VAC's electronic systems, the Client Service Delivery Network (CSDN) and the Federal Health Claims Processing System (FHCPS), do not have the functionality to perform disposition, which leads to information not being managed completely through its life cycle in accordance with legislative and central agency requirements. While this issue poses no immediate security risk to client information, this practice is a clear violation of both privacy and information management laws and policies.

Management Plan:

This is a departmental risk that is not solely related to the WVA Program. At this time, an action plan has been developed that outlines the high level tasks that must be completed in order to address this problem. Progress against this action plan has been made that includes the establishment of retention periods for VAC client information and the development of a proposal for Information Technology prioritization. To ensure continued progress, VAC will develop a more detailed action plan, including cost estimates, for management consideration and business planning.

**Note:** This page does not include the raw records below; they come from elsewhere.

primrec approx :: "('op, 't) effsem \<Rightarrow> nat \<Rightarrow> 'op trm \<Rightarrow> 't" where
  "approx S 0 M = ord_bot S"
| "approx S (Suc n) M =
     (case M of
        Ret V \<Rightarrow> m_unit S V
      | App V W \<Rightarrow> (case V of Lam M' \<Rightarrow> approx S n (subst1 W M') | Var _ \<Rightarrow> ord_bot S)
      | To M1 N \<Rightarrow> m_bind S (approx S n M1) (\<lambda>V. approx S n (subst1 V N))
      | Op s Ms \<Rightarrow> op_int S s (map (approx S n) Ms))"

definition sem :: "('op, 't) effsem \<Rightarrow> 'op trm \<Rightarrow> 't" where
  "sem S M = lub S (\<lambda>n. approx S n M)"

definition app_sim :: "('op, 't) effsem \<Rightarrow> ('op trm \<Rightarrow> 'op trm \<Rightarrow> bool)
                        \<Rightarrow> ('op val \<Rightarrow> 'op val \<Rightarrow> bool) \<Rightarrow> bool" where
  "app_sim S RT RV =
     ((\<forall>M N. RT M N \<longrightarrow> ctrm S M \<and> ctrm S N)
      \<and> (\<forall>V W. RV V W \<longrightarrow> cval S V \<and> cval S W)
      \<and> (\<forall>M N. RT M N \<longrightarrow> rlt S RV (sem S M) (sem S N))
      \<and> (\<forall>V W U. RV V W \<longrightarrow> cval S U \<longrightarrow> RT (App V U) (App W U)))"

Risk #6 - Threat and Risk Assessment (TRA) for Safeguarding Personal Information (Risk Rating: Low)

Issue:

A Threat and Risk Assessment (TRA) has not been completed on the WVA Program, which may lead to sensitive information not being properly identified and protected.

Management Plan:

The use of existing physical office space, previously used processes and existing staff lowers the probability of a security incident/privacy breach. The WVA Program has been in operation for a significant period of time, ensuring that the practices and procedures are well established and understood and ensuring that the privacy of the client is respected. At this time, VAC will accept the risk and monitor the situation. If the situation changes (i.e., processes, systems, etc.), the approach will be re-evaluated.

Conclusion

Although this PIA has identified a number of privacy risks, management plans commensurate with the degree of risk have been developed.